Vandy is Dandy at one year – Let the celebrations begin!
While you may be counting the days to a relaxing Memorial Day weekend, the folks in Key West get to start the festivities early. Today (Thursday, May 27th) marks the one year anniversary of the sinking the USNS Gen. Hoyt S. Vandenberg. There is a celebration kick off event at 6pm at Kelly’s Caribbean. Come meet veterans who served on the vessel, see a slideshow of the sinking, and pictures reflecting a sampling of the one hundred species of marine life that have made the vessel their home. Friday marks a wreath laying on the Vandenberg, which could be topped off with a double dip on the wreck.
So what’s happened over the course of a year? First, we asked Joe Weatherby, the founder of Artificial Reefs of the Keys and co-owner of Reefmakers. Joe and his team were responsible for bringing the Vandenberg to the community. He replied with great enthusiasm, “The Vandenberg has surpassed all top predictions. It’s performing better than expected.” Even though they are waiting for results on quantitative data that has been gathered by NOAA, Fish and Wildlife, REEF and Florida Keys Community College; he is confident the Keys and Key West are already winners. Okay, so maybe Joe is a little bias. Like a father talking about his first born child.
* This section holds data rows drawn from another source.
definition invariant_measures :: "('b \<Rightarrow> 'b) \<Rightarrow> 'b measure \<Rightarrow> 'b set \<Rightarrow> 'b measure set" where
  "invariant_measures \<tau> \<Omega> Z = {\<mu>. sets \<mu> = sets \<Omega> \<and> prob_space \<mu> \<and> emeasure \<mu> Z = 1 \<and>
     (\<forall>A\<in>sets \<Omega>. emeasure \<mu> (\<tau> -` A \<inter> space \<Omega>) = emeasure \<mu> A)}"

definition MS :: "(int \<Rightarrow> 'a) set \<Rightarrow> (int \<Rightarrow> 'a) measure set" where
  "MS Y = invariant_measures shift seq_space Y"

definition MTS :: "(int \<Rightarrow> 'a) set \<Rightarrow> (int \<Rightarrow> 'a) set \<Rightarrow> ((int \<Rightarrow> 'a) \<times> (int \<Rightarrow> 'a)) measure set" where
  "MTS X Y = invariant_measures (\<lambda>(x, y). (shift x, shift y)) (seq_space \<Otimes>\<^sub>M seq_space) (X \<times> Y)"

definition couplings ::
  "(int \<Rightarrow> 'a) set \<Rightarrow> (int \<Rightarrow> 'a) set \<Rightarrow> (int \<Rightarrow> 'a) measure \<Rightarrow> ((int \<Rightarrow> 'a) \<times> (int \<Rightarrow> 'a)) measure set" where
  "couplings X Y \<nu> = {\<mu> \<in> MTS X Y. distr \<mu> seq_space snd = \<nu>}"

text \<open>psi_f(nu): the minimum (written as infimum; it is attained) of the integral of f
  over joinings with marginal nu; f is integrated over X x Y, where the joinings live.\<close>
definition psi ::
  "((int \<Rightarrow> 'a) \<times> (int \<Rightarrow> 'a) \<Rightarrow> real) \<Rightarrow> (int \<Rightarrow> 'a) set \<Rightarrow> (int \<Rightarrow> 'a) set \<Rightarrow> (int \<Rightarrow> 'a) measure \<Rightarrow> real" where
  "psi f X Y \<nu> = Inf ((\<lambda>\<mu>. set_lebesgue_integral \<mu> (X \<times> Y) f) ` couplings X Y \<nu>)"

definition alpha ::
  "((int \<Rightarrow> 'a) \<times> (int \<Rightarrow> 'a) \<Rightarrow> real) \<Rightarrow> (int \<Rightarrow> 'a) set \<Rightarrow> (int \<Rightarrow> 'a) set \<Rightarrow> real" where
  "alpha f X Y = Sup (psi f X Y ` MS Y)"

definition alpha_maximizing ::
  "((int \<Rightarrow> 'a) \<times> (int \<Rightarrow> 'a) \<Rightarrow> real) \<Rightarrow> (int \<Rightarrow> 'a) set \<Rightarrow> (int \<Rightarrow> 'a) set \<Rightarrow> (int \<Rightarrow> 'a) measure \<Rightarrow> bool" where
  "alpha_maximizing f X Y \<nu> \<longleftrightarrow> psi f X Y \<nu> = alpha f X Y"

text \<open>Topological support: points all of whose (basic cylinder) neighbourhoods have positive measure.\<close>
definition measure_support :: "(int \<Rightarrow> 'a) measure \<Rightarrow> (int \<Rightarrow> 'a) set" where
  "measure_support \<nu> = {y. \<forall>n::nat. emeasure \<nu> {z. \<forall>j\<in>{- int n..int n}. z j = y j} > 0}"

end

(*
  Let g_n(y) = min_sum n y be the least n-step Birkhoff sum of f along pairs (x, y) with
  x in X. Integrating along a joining with Y-marginal \<nu> gives \<integral> g_n d\<nu> \<le> n \<psi>(\<nu>).
  Conversely, concatenating optimal x-blocks along y, glued by the transitivity of X,
  produces a joining, so that \<psi>(\<nu>) = \<integral> g_n d\<nu> / n + O(1/n). Transitivity also makes
  g almost additive, and comparing with the invariant measures on periodic orbits of Y
  gives g_n \<le> n \<alpha> + O(1) everywhere on Y.

  If \<nu>0 is \<alpha>-maximizing, then \<integral> g_n d\<nu>0 \<ge> n \<alpha> - O(1). If g_m were much smaller than
  m \<alpha> on a cylinder of positive \<nu>0-measure, the orbit of a typical point would visit
  that cylinder with positive frequency, and each visit would lower g_n by a fixed amount,
  contradicting this bound. Hence g_m \<ge> m \<alpha> - O(1) on the support of \<nu>0, which has
  full \<nu>1-measure, and integrating against \<nu>1 gives \<psi>(\<nu>1) \<ge> \<alpha> - O(1/m) for every m.
*)

theory Submission
  imports Defs
begin

lemma le_of_nat_mult_le_plus_const:
  fixes a b K :: real
  assumes "\<And>m::nat. m > (0::nat) \<Longrightarrow> m * a \<le> m * b + K"
  shows "a \<le> b"
proof (rule ccontr)
  assume "\<not> a \<le> b"
  then obtain m :: nat where m: "K < m * (a - b)"
    using ex_less_of_nat_mult[of "a - b" K] by auto
  show False
  proof (cases "m = 0")
    case True
    then show False using assms[of 1] m \<open>\<not> a \<le> b\<close> by simp
  next
    case False
    then show False using assms[of m] m by (simp add: algebra_simps)
  qed
qed

section \<open>Shifts, cylinders and locally determined functions\<close>

definition shift_by :: "int \<Rightarrow> (int \<Rightarrow> 'a) \<Rightarrow> (int \<Rightarrow> 'a)" where
  "shift_by i x = (\<lambda>j. x (j + i))"

lemma shift_by_apply [simp]: "shift_by i x j = x (j + i)"
  by (simp add: shift_by_def)

lemma shift_by_shift_by [simp]: "shift_by i (shift_by k x) = shift_by (i + k) x"
  by (simp add: shift_by_def algebra_simps)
Next we checked in with Don Kincaid, a captain, author, and underwater specialist. Don is excited about the Vandenberg’s location explaining that it’s positioned in a mixing bowl of diversity, the perfect spot for gulf critters and tropical reef creatures to co-exist. The water is rich with nutrients bringing in an abundance of life. Just last weekend we saw huge bait balls of scad swarming the decks likes bees to a hive. They were followed by jacks, barracudas, tarpon, and goliath groupers just to name a few. The structure is also an ideal nursery for the blend of current very unique residences; juvenile lobster, long-spined urchins, penshell, flamed scallops and lots of spiny oysters. It provides shelter, food and companionship. When it gets full the neighboring reefs benefit from marine communities expanding and moving off.
So how is it affecting the dive community and beyond? Within the last year Key West has gotten 13 new dive boats, 4 new charter operations, and now has 3 live-aboard charters stopping by to dive the Vandenberg. Jack Opie, the dive store manager at Subtropic Divers, said “Before the sinking, peak time was April to September. Now our boats run seven days a week, all year long (of course weather permitting). The Vandenberg buoys are usually maxed out with a mix of charter boats as well as private boats every morning.” Subtropic typically does a double dip in the morning and reef dives in the afternoon.
Another positive change is an increase in continuing education! To go beyond 60’ a basic open water diver needs to hire a guide. Over the last few years wrecks like the Spiegel Grove in Key Largo and the Vandenberg in Key West have created growing interest to expand diving experiences. Basic certification leads to Advance Open Water, then some continue further to Technical Diver. The Vandenberg offers profiles beginning in the 40’-50’ range and maxing out in the sand at 145’. Anyone from a snorkeler to a technical diver has something wonderful to explore. Also, Nitrox sales have doubled in Key West. Using special gas mixes and computers, divers can get a longer bottom time and shorter surface intervals, or they can use the special mix as a safety factor.
As a side note, the Keys are also working on breaking the perception that they are only good for reef diving. Key West is an undiscovered technical training area beginning with the Vandenberg in 145’ and continuing with four different vessels in increasing depths to the USS Wilkes-Barre which is sitting in 250’.
What are the other trickle effects of more divers? They are bringing more non-diving friends and family members to enjoy the island. Some are adventurous and enroll in a Discover Scuba class. Others take advantage of the many spas, go on shopping excursions or relax by the beach or pool side. In addition, there are more visitors from abroad are who are making “wreck treks” through the states. We’ve seen an increase of groups who start with the great lakes, continue south hitting North Carolina, and end in Florida where they are driving and diving from West Palm to Key West.
One a last note, the birthday celebration is, thankfully, not affected by the oil spill. Luckily the loop current generally flows from 80 to 150 miles off-shore on the west side of the Dry Tortugas. The water around the keys has been blue and beautiful.